A method that has been gaining steam in the RIA world is using a hash sign (#), or anchor, in the URL.  Many talented people have spent precious time creating solutions to history and back button support for AJAX and Flash applications.  This is fantastic for a web application, because it provides capability for standard user interactions supported in browsers that are typically unsupported in rich internet applications.

So now that there is history support, does that mean SEO has been fully considered?  An article I found on w3.org sheds some light on the subject using a CNN video player as a case study:

CNN uses links like the above for all the topical video segments that are published on its site. The URL in this case has the following components:

Component Value
Protocol http
Host www.cnn.com
Path video
Client Param #/video/tech/2008/02/19/vo.aus.sea.spider.ap

2.1.1 Things To Note

The browser is expected to do a GET of the URL leading up to the fragment, and the processing application, in this case, the JavaScript embedded in the HTML Response processes the portion of the URL following the #.
The fragment identifier has been intentionally identified as a client parameter.
Treating it as a regular fragment identifier in this usage would result in one incorrectly infering that the URL for the video resource being addressed is http://www.cnn.com/video.
This would result in all the video links on the CNN site getting the same URL.
Thus, the entire URL in this case is http://www.cnn.com/video/#/video/tech/2008/02/19/vo.aus.sea.spider.ap
A consumer of this URL who goes looking for an idwithin the Response that matches the #-suffix of this URL will fail.
The reported Content-Type for the resource is text/html.

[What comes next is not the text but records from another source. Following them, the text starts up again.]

lemma linear_subst_App_left:
  assumes "linear_subst F c G {#Arr M L#} m e" "mtyped D u (M + {#N#}) m' e' s'"
  shows "linear_subst (\<lambda>r. App (F r) u) c (ctx_sum G D) {#L#} (m + m' + 1) (e + e')"
proof -
  from assms(1) obtain X G' e0 where X: "X \<noteq> {#}" "G = ctx_sum G' (ctx_at c X)" "e = e0 + size X"
    and subst: "\<And>H r mr er sr. mtyped H r X mr er sr \<Longrightarrow>
      \<exists>s. mtyped (ctx_sum G' H) (F r) {#Arr M L#} (m + mr) (e0 + er) s"
    by (elim linear_subst_nonemptyE) simp_all
  show ?thesis
  proof (rule linear_substI[where X = X and G' = "ctx_sum G' D" and e' = "e0 + e'"])
    fix H r mr er sr
    assume "mtyped H r X mr er sr"
    from subst[OF this] obtain s where "typed (ctx_sum G' H) (F r) (Arr M L) (m + mr) (e0 + er) s"
      by (auto simp: mtyped_single_iff)
    from app[OF this assms(2)]
    show "\<exists>s. mtyped (ctx_sum (ctx_sum G' D) H) (App (F r) u) {#L#} (m + m' + 1 + mr) (e0 + e' + er) s"
      by (auto simp: mtyped_single_iff ctx_sum_ac add_ac elim: typed_cong)
  qed (use X in \<open>auto simp: ctx_sum_ac\<close>)
qed

lemma linear_subst_App_right:
  assumes "typed G t (Arr M L) m e s" "linear_subst F c D (M + {#N#}) m' e'"
  shows "linear_subst (\<lambda>r. App t (F r)) c (ctx_sum G D) {#L#} (m + m' + 1) (e + e')"
proof -
  from assms(2) obtain X D' e0 where X: "X \<noteq> {#}" "D = ctx_sum D' (ctx_at c X)" "e' = e0 + size X"
    and subst: "\<And>H r mr er sr. mtyped H r X mr er sr \<Longrightarrow>
      \<exists>s. mtyped (ctx_sum D' H) (F r) (M + {#N#}) (m' + mr) (e0 + er) s"
    by (elim linear_subst_nonemptyE) simp_all
  show ?thesis
  proof (rule linear_substI[where X = X and G' = "ctx_sum G D'" and e' = "e + e0"])
    fix H r mr er sr
    assume "mtyped H r X mr er sr"
    with subst obtain s' where "mtyped (ctx_sum D' H) (F r) (M + {#N#}) (m' + mr) (e0 + er) s'" by blast
    from app[OF assms(1) this]
    show "\<exists>s. mtyped (ctx_sum (ctx_sum G D') H) (App t (F r)) {#L#} (m + m' + 1 + mr) (e + e0 + er) s"
      by (auto simp: mtyped_single_iff ctx_sum_ac add_ac elim: typed_cong)
  qed (use X in \<open>auto simp: ctx_sum_ac\<close>)
qed

lemma linear_subst_ES_right:
  assumes "typed G t L m e s" "linear_subst F c D (G 0 + {#N#}) m' e'"
  shows "linear_subst (\<lambda>r. ES t (F r)) c (ctx_sum (ctx_tail G) D) {#L#} (m + m') (e + e')"
proof -
  from assms(2) obtain X D' e0 where X: "X \<noteq> {#}" "D = ctx_sum D' (ctx_at c X)" "e' = e0 + size X"
    and subst: "\<And>H r mr er sr. mtyped H r X mr er sr \<Longrightarrow>
      \<exists>s. mtyped (ctx_sum D' H) (F r) (G 0 + {#N#}) (m' + mr) (e0 + er) s"
    by (elim linear_subst_nonemptyE) simp_all
  show ?thesis
  proof (rule linear_substI[where X = X and G' = "ctx_sum (ctx_tail G) D'" and e' = "e + e0"])
    fix H r mr er sr
    assume "mtyped H r X mr er sr"
    with subst obtain s' where "mtyped (ctx_sum D' H) (F r) (G 0 + {#N#}) (m' + mr) (e0 + er) s'" by blast
    from es[OF assms(1) this]
    show "\<exists>s. mtyped (ctx_sum (ctx_sum (ctx_tail G) D') H) (ES t (F r)) {#L#} (m + m' + mr) (e + e0 + er) s"
      by (auto simp: mtyped_single_iff ctx_sum_ac add_ac elim: typed_cong)
  qed (use X in \<open>auto simp: ctx_sum_ac\<close>)
qed
lemma obtain_sorted_extension:
  fixes V Y :: "nat set"
  assumes "finite V" "infinite Y" "card V \<le> n"
  obtains W where "W \<subseteq> Y" "finite W" "card (V \<union> W) = n"
    "sorted_list_of_set (V \<union> W) = sorted_list_of_set V @ sorted_list_of_set W"
proof -
  have "infinite (Y - {..Max V})"
    using \<open>infinite Y\<close> by (simp add: Diff_infinite_finite)
  then obtain W where W: "W \<subseteq> Y - {..Max V}" "finite W" "card W = n - card V"
    using infinite_arbitrarily_large by blast
  have less: "\<forall>v\<in>V. \<forall>w\<in>W. v < w"
    using W(1) Max_ge[OF \<open>finite V\<close>] by fastforce
  then have "card (V \<union> W) = card V + card W"
    using assms(1) W(2) by (intro card_Un_disjoint) auto
  then show thesis
    using W assms less sorted_list_of_set_Un_less[OF assms(1) W(2) less] by (intro that[of W]) auto
qed

definition order_pattern :: "'a::linorder list \<Rightarrow> nat list" where
  "order_pattern x = map (\<lambda>v. LEAST i. sorted_list_of_set (set x) ! i = v) x"

text \<open>
  Index 0, the position of the minimum, occurs in the pattern of every nonempty tuple;
  requiring it makes every instance of a pattern over insert a T pass through a.
\<close>
definition order_patterns :: "nat \<Rightarrow> nat list set" where
  "order_patterns k = {\<sigma> \<in> cube {..<k} k. 0 \<in> set \<sigma>}"

lemma Least_nth_eq:
  assumes "v \<in> set L"
  shows "(LEAST i. L ! i = v) < length L" "L ! (LEAST i. L ! i = v) = v"
proof -
  obtain j where "j < length L" "L ! j = v"
    using assms by (metis in_set_conv_nth)
  then show "(LEAST i. L ! i = v) < length L" "L ! (LEAST i. L ! i = v) = v"
    using Least_le[of "\<lambda>i. L ! i = v" j] LeastI[of "\<lambda>i. L ! i = v" j] by auto
qed
lemma cell_integral_error_le:
  fixes f :: "real \<Rightarrow> real" and g :: "real \<Rightarrow> complex"
  assumes cd: "c < d" and fi: "f integrable_on {c..d}" and fb: "\<forall>y\<in>{c..d}. \<bar>f y\<bar> \<le> B"
    and g: "continuous_on {c..d} g"
    and w: "\<forall>y\<in>{c..d}. norm (g y - g c) \<le> \<omega>" and G: "norm (g c) \<le> G"
    and mM: "\<forall>y\<in>{c..d}. m \<le> f y \<and> f y \<le> M"
  shows "norm (integral {c..d} (\<lambda>y. g y * of_real (f y)) - g c * of_real (f c) * of_real (d - c))
     \<le> \<omega> * B * (d - c) + G * ((M - m) * (d - c))"
proof -
  define k where "k y = (g y - g c) * complex_of_real (f y)" for y
  have "continuous_on {c..d} (\<lambda>y. g y - g c)" using g by (intro continuous_intros)
  then have k: "(k has_integral integral {c..d} k) {c..d}"
    unfolding k_def using continuous_times_bounded_integrable[OF fi fb] by blast
  have "((\<lambda>y. k y + g c * complex_of_real (f y)) has_integral
        (integral {c..d} k + g c * of_real (integral {c..d} f))) {c..d}"
    by (intro has_integral_add[OF k] has_integral_mult_right has_integral_of_real
        integrable_integral[OF fi])
  moreover have "(\<lambda>y. k y + g c * complex_of_real (f y)) = (\<lambda>y. g y * of_real (f y))"
    by (auto simp: k_def algebra_simps)
  ultimately have decomp: "integral {c..d} (\<lambda>y. g y * of_real (f y)) - g c * of_real (f c) * of_real (d - c)
      = integral {c..d} k + g c * of_real (integral {c..d} f - f c * (d - c))"
    by (simp add: integral_unique algebra_simps)
  have k_bound: "norm (integral {c..d} k) \<le> \<omega> * B * (d - c)"
  proof -
    have "norm (k y) \<le> \<omega> * B" if "y \<in> cbox c d" for y
    proof -
      have "norm (g y - g c) \<le> \<omega>" "\<bar>f y\<bar> \<le> B" using w fb that by auto
      then show ?thesis
        unfolding k_def norm_mult norm_of_real by (intro mult_mono) (auto intro: order.trans[OF norm_ge_zero])
    qed
    moreover have "0 \<le> \<omega> * B"
    proof -
      have "c \<in> {c..d}" using cd by simp
      then have "\<bar>f c\<bar> \<le> B" "norm (g c - g c) \<le> \<omega>" using fb w by blast+
      then show ?thesis by (simp add: order.trans[OF abs_ge_zero])
    qed
    ultimately show ?thesis using has_integral_bound[of "\<omega> * B" k _ c d] k cd by simp
  qed
  have f_bound: "\<bar>integral {c..d} f - f c * (d - c)\<bar> \<le> (M - m) * (d - c)"
  proof -
    have "m * (d - c) \<le> integral {c..d} f" "integral {c..d} f \<le> M * (d - c)"
      using integral_le[OF integrable_const_ivl fi, of m] integral_le[OF fi integrable_const_ivl, of M]
        mM cd by (auto simp: mult.commute)
    moreover have "m * (d - c) \<le> f c * (d - c)" "f c * (d - c) \<le> M * (d - c)"
      using mM cd by (auto intro: mult_right_mono)
    ultimately show ?thesis by (simp add: abs_le_iff algebra_simps)
  qed
  have "norm (integral {c..d} k + g c * of_real (integral {c..d} f - f c * (d - c)))
      \<le> norm (integral {c..d} k) + norm (g c) * \<bar>integral {c..d} f - f c * (d - c)\<bar>"
    by (metis norm_triangle_ineq norm_mult norm_of_real)
  also have "\<dots> \<le> \<omega> * B * (d - c) + G * ((M - m) * (d - c))"
    using k_bound f_bound G order.trans[OF norm_ge_zero G] by (intro add_mono mult_mono) auto
  finally show ?thesis unfolding decomp .
qed

lemma left_riemann_sum_error_le:
  fixes f :: "real \<Rightarrow> real" and g :: "real \<Rightarrow> complex"
  assumes P: "fine_partition x n a b \<delta>" and fi: "f integrable_on {a..b}"
    and fb: "\<forall>y\<in>{a..b}. \<bar>f y\<bar> \<le> B" and g: "continuous_on {a..b} g"
    and G: "\<forall>y\<in>{a..b}. norm (g y) \<le> G"
    and U: "\<forall>y\<in>{a..b}. \<forall>y'\<in>{a..b}. dist y' y < \<delta> \<longrightarrow> dist (g y') (g y) < \<omega>"
  shows "norm (integral {a..b} (\<lambda>y. g y * of_real (f y)) -
      (\<Sum>i<n. g (x i) * of_real (f (x i)) * of_real (x (Suc i) - x i)))
    \<le> \<omega> * B * (b - a) + G * oscillation_sum f x n"
proof -
  define mx where "mx i = Sup (f ` {x i..x (Suc i)})" for i
  define mn where "mn i = Inf (f ` {x i..x (Suc i)})" for i
  have x0: "x 0 = a" and xn: "x n = b" using P by (auto simp: fine_partition_def)
  have "norm (integral {x i..x (Suc i)} (\<lambda>y. g y * of_real (f y)) -
        g (x i) * of_real (f (x i)) * of_real (x (Suc i) - x i))
      \<le> \<omega> * B * (x (Suc i) - x i) + G * ((mx i - mn i) * (x (Suc i) - x i))" if i: "i < n" for i
  proof (rule cell_integral_error_le)
    have cell: "{x i..x (Suc i)} \<subseteq> {a..b}" by (rule fine_partition_cell_subset[OF P i])
    have lt: "x i < x (Suc i)" "x (Suc i) - x i < \<delta>" using P i by (auto simp: fine_partition_def)
    show "x i < x (Suc i)" by (rule lt(1))
    show "f integrable_on {x i..x (Suc i)}" by (rule integrable_subinterval_real[OF fi cell])
    show "\<forall>y\<in>{x i..x (Suc i)}. \<bar>f y\<bar> \<le> B" using fb cell by blast
    show "continuous_on {x i..x (Suc i)} g" using g cell by (rule continuous_on_subset)
    show "norm (g (x i)) \<le> G" using G cell lt by auto
    show "\<forall>y\<in>{x i..x (Suc i)}. norm (g y - g (x i)) \<le> \<omega>"
    proof
      fix y assume y: "y \<in> {x i..x (Suc i)}"
      then have "dist y (x i) < \<delta>" using lt by (auto simp: dist_real_def)
      then have "dist (g y) (g (x i)) < \<omega>" using U y cell lt(1) by auto
      then show "norm (g y - g (x i)) \<le> \<omega>" by (simp add: dist_norm)
    qed
    show "\<forall>y\<in>{x i..x (Suc i)}. mn i \<le> f y \<and> f y \<le> mx i"
      using Inf_le_le_Sup_cell[OF fb cell] by (simp add: mn_def mx_def)
  qed
  then have "norm (integral {x 0..x n} (\<lambda>y. g y * of_real (f y)) -
        (\<Sum>i<n. g (x i) * of_real (f (x i)) * of_real (x (Suc i) - x i)))
      \<le> (\<Sum>i<n. \<omega> * B * (x (Suc i) - x i) + G * ((mx i - mn i) * (x (Suc i) - x i)))"
    using P continuous_times_bounded_integrable[OF fi fb g] x0 xn
    by (intro integral_cells_error_le) (auto simp: fine_partition_def less_imp_le)
  also have "\<dots> = \<omega> * B * (b - a) + G * oscillation_sum f x n"
    by (simp add: sum.distrib sum_distrib_left[symmetric] fine_partition_sum_lengths[OF P]
        oscillation_sum_def mx_def mn_def)
  finally show ?thesis using x0 xn by simp
qed

lemma left_riemann_sums_tendsto_integral:
  fixes f :: "real \<Rightarrow> real" and g :: "real \<Rightarrow> complex"
    and x :: "'a \<Rightarrow> nat \<Rightarrow> real" and n :: "'a \<Rightarrow> nat"
  assumes ab: "a < b" and R: "riemann_has_integral f a b I" and fb: "\<forall>y\<in>{a..b}. \<bar>f y\<bar> \<le> B"
    and g: "continuous_on {a..b} g"
    and mesh: "\<And>d. d > 0 \<Longrightarrow> eventually (\<lambda>k. fine_partition (x k) (n k) a b d) F"
  shows "((\<lambda>k. \<Sum>i<n k. g (x k i) * of_real (f (x k i)) * of_real (x k (Suc i) - x k i))
      \<longlongrightarrow> integral {a..b} (\<lambda>y. g y * of_real (f y))) F"
proof (rule tendstoI)
  fix e :: real assume e: "e > 0"
  have fi: "f integrable_on {a..b}" by (rule riemann_has_integral_imp_integrable_on[OF ab R fb])
  have B0: "0 \<le> B" using fb ab by (meson abs_ge_zero atLeastAtMost_iff less_imp_le order.trans order_refl)
  obtain G where G0: "G > 0" and G: "\<forall>y\<in>{a..b}. norm (g y) \<le> G"
    using compact_imp_bounded[OF compact_continuous_image[OF g compact_Icc]]
    unfolding bounded_pos by auto
  define \<omega> where "\<omega> = e / (4 * (B + 1) * (b - a))"
  have "\<omega> > 0" using e B0 ab by (simp add: \<omega>_def)
  then obtain \<delta> where \<delta>: "\<delta> > 0"
    and U: "\<forall>y\<in>{a..b}. \<forall>y'\<in>{a..b}. dist y' y < \<delta> \<longrightarrow> dist (g y') (g y) < \<omega>"
    using compact_uniformly_continuous[OF g compact_Icc] unfolding uniformly_continuous_on_def by blast
  obtain d where d: "d > 0" and osc: "\<And>n x. fine_partition x n a b d \<Longrightarrow> oscillation_sum f x n \<le> e / (4 * G)"
    using riemann_oscillation_sum_small[OF R fb, of "e / (4 * G)"] e G0 by auto
  have "\<omega> * (b - a) = e / (4 * (B + 1))" using ab by (simp add: \<omega>_def)
  then have "\<omega> * B * (b - a) = B * (e / (4 * (B + 1)))" by (simp add: ac_simps)
  also have "\<dots> \<le> e / 4" using B0 e by (simp add: field_simps)
  finally have "\<omega> * B * (b - a) \<le> e / 4" .
  moreover have "G * (e / (4 * G)) = e / 4" using G0 by simp
  ultimately have error: "\<omega> * B * (b - a) + G * oscillation_sum f y m < e"
    if "fine_partition y m a b d" for y m
    using mult_left_mono[OF osc[OF that], of G] G0 e by linarith
  have "eventually (\<lambda>k. fine_partition (x k) (n k) a b (min \<delta> d)) F" using mesh \<delta> d by simp
  then show "eventually (\<lambda>k. dist (\<Sum>i<n k. g (x k i) * of_real (f (x k i)) * of_real (x k (Suc i) - x k i))
      (integral {a..b} (\<lambda>y. g y * of_real (f y))) < e) F"
  proof eventually_elim
    case (elim k)
    then have "fine_partition (x k) (n k) a b \<delta>" "fine_partition (x k) (n k) a b d"
      by (auto intro: fine_partition_mono_mesh)
    from left_riemann_sum_error_le[OF this(1) fi fb g G U] error[OF this(2)]
    show ?case by (simp add: dist_norm norm_minus_commute)
  qed
qed

subsection \<open>The arcsin grid and the entries of the two matrices\<close>

lemma theta_grid_fine_partition:
  assumes d: "d > 0"
  shows "eventually (\<lambda>M. fine_partition (theta_grid M) M (-pi/2) (pi/2) d) sequentially"
proof -
  obtain \<eta> where \<eta>: "\<eta> > 0"
    and U: "\<forall>u\<in>{-1..1}. \<forall>v\<in>{-1..1}. dist v u < \<eta> \<longrightarrow> dist (arcsin v) (arcsin u) < d"
    using compact_uniformly_continuous[OF continuous_on_arcsin' compact_Icc] d
    unfolding uniformly_continuous_on_def by blast
  obtain N :: nat where N: "2 / \<eta> < real N" using reals_Archimedean2 by blast
  have "fine_partition (theta_grid M) M (-pi/2) (pi/2) d" if M: "N < M" for M
    unfolding fine_partition_def
  proof (intro conjI allI impI)
    have M0: "real M > 0" using M by simp
    show "theta_grid M 0 = -pi/2" "theta_grid M M = pi/2" using M0 by (simp_all add: theta_grid_def)
    fix i assume i: "i < M"
    define u where "u = 2 * real i / real M - 1"
    define v where "v = 2 * real (Suc i) / real M - 1"
    have vu: "v - u = 2 / real M" using M0 by (simp add: u_def v_def field_simps)
    have "2 < \<eta> * real N" using N \<eta> by (simp add: field_simps)
    also have "\<dots> < \<eta> * real M" using M \<eta> by simp
    finally have step: "2 / real M < \<eta>" using M0 by (simp add: field_simps)
    have pos: "2 / real M > 0" using M0 by simp
    have u: "-1 \<le> u" and v: "v \<le> 1" using M0 i by (simp_all add: u_def v_def field_simps)
    have uv: "u < v" using vu pos by linarith
    have vu_close: "dist v u < \<eta>" using vu step pos by (simp add: dist_real_def)
    have tg: "theta_grid M i = arcsin u" "theta_grid M (Suc i) = arcsin v"
      by (simp_all add: theta_grid_def u_def v_def)
    show "theta_grid M i < theta_grid M (Suc i)"
      unfolding tg by (rule arcsin_less_arcsin[OF u uv v])
    have "dist (arcsin v) (arcsin u) < d" using U u v uv vu_close by auto
    then show "theta_grid M (Suc i) - theta_grid M i < d"
      unfolding tg dist_real_def by linarith
  qed
  then show ?thesis unfolding eventually_sequentially by (metis Suc_le_eq)
qed

lemma VM_eq_arr_resp_theta_grid:
  assumes "m < M"
  shows "VM M k m = complex_of_real (1 / sqrt (real M)) * arr_resp (theta_grid M m) k"
proof -
  have M0: "real M > 0" using assms by simp
  have sin: "sin (theta_grid M m) = 2 * real m / real M - 1"
    unfolding theta_grid_def using assms M0 by (intro sin_arcsin) (auto simp: field_simps)
  have "2 * pi * real k * (real m - real M / 2) / real M = pi * real k * sin (theta_grid M m)"
    unfolding sin using M0 by (simp add: field_simps)
  then show ?thesis by (simp add: VM_def arr_resp_def)
qed

lemma Rk_approx_summand_eq:
  assumes "m < M" "0 < Nc"
  shows "dft Nc 0 q * VM M i m * complex_of_real (Omega M Nc Ts S m q) * cnj (dft Nc 0 q * VM M j m)
    = arr_resp (theta_grid M m) i * cnj (arr_resp (theta_grid M m) j)
       * complex_of_real (S (theta_grid M m) (real q * Ts))
       * complex_of_real (theta_grid M (Suc m) - theta_grid M m)"
proof -
  define cN where "cN = 1 / sqrt (real Nc)"
  define cM where "cM = 1 / sqrt (real M)"
  define A where "A = arr_resp (theta_grid M m) i"
  define B where "B = arr_resp (theta_grid M m) j"
  define \<Delta> where "\<Delta> = theta_grid M (Suc m) - theta_grid M m"
  define s where "s = S (theta_grid M m) (real q * Ts)"
  have "cN * cN * real Nc = 1" using assms by (simp add: cN_def)
  moreover have "cM * cM * real M = 1" using assms by (simp add: cM_def)
  ultimately have normalise: "cN * cM * (real M * real Nc * \<Delta> * s) * cN * cM = s * \<Delta>"
    by (metis (no_types, lifting) mult.assoc mult.commute mult.left_commute mult_1)
  have "dft Nc 0 q * VM M i m * complex_of_real (Omega M Nc Ts S m q) * cnj (dft Nc 0 q * VM M j m)
     = (A * cnj B) * complex_of_real (cN * cM * (real M * real Nc * \<Delta> * s) * cN * cM)"
    unfolding VM_eq_arr_resp_theta_grid[OF assms(1)] Omega_def cM_def[symmetric] A_def[symmetric]
      B_def[symmetric] \<Delta>_def[symmetric] s_def[symmetric]
    by (simp add: dft_def cN_def[symmetric] mult_ac)
  also have "\<dots> = A * cnj B * complex_of_real s * complex_of_real \<Delta>"
    unfolding normalise by (simp add: mult_ac)
  finally show ?thesis by (simp add: A_def B_def s_def \<Delta>_def)
qed
(* Consider a proof-of-work blockchain using the clock-drift-adjusted tie-breaking rule based on partial PoW described in the context, adopted by all honest miners. Suppose an attacker performs a Match against post-generated block. Then, on average, the proportion $\gamma$ of honest miners (by hashrate) that mine on the attacker's chain satisfies $$\gamma \le 1 - \frac{1}{2}\exp\!\left(-\frac{\Delta_B\frac{2(1+D)^2}{(1-D)^2} + \Delta_P\frac{2}{1-D}}{T}\right).$$
   Context: Setting. $T$ is the average block generation interval of the whole network. A block header $h$ is a valid block if $H(h)<\mathit{Target}$, where $H$ is a cryptographic hash function. A partial PoW is a header with $H(h)<n\,\mathit{Target}$, where $n>1$ is a fixed difficulty adjuster. Miners publish partial PoWs when found. Every block reaches every miner less than $\Delta_B$ (real time) after publication, and every partial PoW less than $\Delta_P$ after publication. The attacker can instantly learn of and instantly deliver any message. Clock drift. The clock drift of miner $i$ is $d_i=(x_m-x_r)/x_r$, where $x_m$ is the measured and $x_r$ the actual elapsed time. There is a known $D\in(0,1)$ with $|d_i|<D$ for all miners $i$. Rule, with all durations measured on the miner's own clock. The acceptance window is $w=\Delta_B(1+D)$. A valid partial PoW is regarded as sufficiently shared once $2\Delta_B(1+D)$ has elapsed since its arrival. Each block contains a shared partial PoW, namely the XOR of the hashes of a set of partial PoWs. An honest miner uses for this set the valid partial PoWs for which $(\Delta_P + 2\Delta_B(1+D)/(1-D))(1+D)$ has elapsed since arrival. The set is transmitted with the block. Chain ties. A chain tie occurs when the predefined fork choice rule (e.g. longest chain) does not give a unique chain. A chain's arrival time is that of its head. A miner considers tied chains arriving within $w$ of the earliest-arriving tied chain. Each such chain gets weight $-1$ if some partial PoW in the union of its blocks' sets is not valid and sufficiently shared; otherwise its weight is the size of that union. The miner mines on a chain of maximum weight, breaking remaining ties at random. Attack. In a Match against post-generated block, the attacker withholds its generated block and publishes it when an honest miner publishes a competing block, creating a chain tie. *)

theory Defs
  imports "HOL-Probability.Probability"
begin

text \<open>
Miner i has a linear clock with constant drift d i,
   so the duration measured by miner i between real times a and e is (1 + d i) * (e - a).
 - Arrival functions have type 'p => real option (None = never arrives).
 - Delta_B, Delta_P, D are the parameters of the context; w = Delta_B * (1 + D).
\<close>

definition valid_ppow :: "('p \<Rightarrow> real) \<Rightarrow> real \<Rightarrow> real \<Rightarrow> 'p \<Rightarrow> bool" where
  "valid_ppow H n Target p \<longleftrightarrow> H p < n * Target"

definition sufficiently_shared ::
  "('p \<Rightarrow> bool) \<Rightarrow> real \<Rightarrow> real \<Rightarrow> real \<Rightarrow> ('p \<Rightarrow> real option) \<Rightarrow> real \<Rightarrow> 'p \<Rightarrow> bool" where
  "sufficiently_shared valid dB D d arri e p \<longleftrightarrow>
     valid p \<and> (\<exists>a. arri p = Some a \<and> a \<le> e \<and> (1 + d) * (e - a) \<ge> 2 * dB * (1 + D))"
(* Let $H$ be a separable infinite-dimensional complex Hilbert space. Let $x_1,\dots,x_n,y_1,\dots,y_n\in H$ be vectors of norm $1$, let $T\in L(H)$ with $\|T\|\le 1$, let $x\in H\setminus\{0\}$, $z\in H$ and $\epsilon>0$. Then there exist a finite rank operator $S\in L(H)$ with $\|S\|\le 1$, a number $a\in\mathbb{R}$ and a natural number $N$ depending only on $\epsilon$ such that $|\langle (S-T)x_j,y_j\rangle|<\epsilon$ and $\langle z-aS^Nx,y_j\rangle=0$ for every $j=1,\dots,n$, and $\|S^{l+1}x\|=\|S^lx\|$ for every integer $0\le l<N$.
   Context: $L(H)$ denotes the bounded linear operators on $H$; $\langle\cdot,\cdot\rangle$ is the inner product of $H$. *)

theory Defs
  imports "HOL-Analysis.Analysis"
begin

text \<open>Complex Hilbert spaces are not available in the distribution libraries,
  so we introduce the class of complex inner product spaces that are complete
  (i.e. complex Hilbert spaces) on top of the library's real Banach spaces.
  The inner product is linear in the first and conjugate linear in the second
  argument, and induces the norm.\<close>

class complex_hilbert = banach +
  fixes scaleC :: "complex \<Rightarrow> 'a \<Rightarrow> 'a" (infixr "*\<^sub>C" 75)
    and cinner :: "'a \<Rightarrow> 'a \<Rightarrow> complex"
  assumes scaleC_add_right: "c *\<^sub>C (x + y) = c *\<^sub>C x + c *\<^sub>C y"
    and scaleC_add_left: "(c + d) *\<^sub>C x = c *\<^sub>C x + d *\<^sub>C x"
    and scaleC_scaleC: "c *\<^sub>C (d *\<^sub>C x) = (c * d) *\<^sub>C x"
    and scaleC_one: "1 *\<^sub>C x = x"
    and scaleR_scaleC: "r *\<^sub>R x = complex_of_real r *\<^sub>C x"
    and cinner_add_left: "cinner (x + y) z = cinner x z + cinner y z"
    and cinner_scaleC_left: "cinner (c *\<^sub>C x) y = c * cinner x y"
    and cinner_commute: "cinner y x = cnj (cinner x y)"
    and cinner_self_norm: "cinner x x = complex_of_real ((norm x)\<^sup>2)"

definition cspan :: "'a::complex_hilbert set \<Rightarrow> 'a set" where
  "cspan B = {v. \<exists>F c. finite F \<and> F \<subseteq> B \<and> v = (\<Sum>b\<in>F. c b *\<^sub>C b)}"

definition infinite_dimensional :: "'a::complex_hilbert itself \<Rightarrow> bool" where
  "infinite_dimensional _ \<longleftrightarrow> \<not> (\<exists>B::'a set. finite B \<and> cspan B = UNIV)"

However the behavior of the #-suffix in this case is not defined by the HTML specification.
As used, the #-suffix is a first-class client parameter in that it gets consumed by a script that is served as part of the HTML document returned by the server upon receiving a GET request.
This embedded script examines the URL available to it as script variable content.location, strips off the # and uses the rest of the prefix as an argument to function that generates the actual URL.
Having constructed this content URL, the script then proceeds to instruct the browser to play the media at the newly constructed location.

Notice that “the browser is expected to do a GET of the URL leading up to the fragment…JavaScript embedded in the HTML Response processes the portion of the URL following the #.”  To paraphrase, Google does not look at client side interactions, the fragment is truncated from Google’s index.  From this several assumptions can be made:

  1. Any back link using http://example.com/#example is actually viewed as http://example.com
  2. Back links pointing to URL fragments will have no individual page rank.
  3. In content rich scenarios, the use of URL fragments in leu of separate pages effectively dilutes almost all search traction.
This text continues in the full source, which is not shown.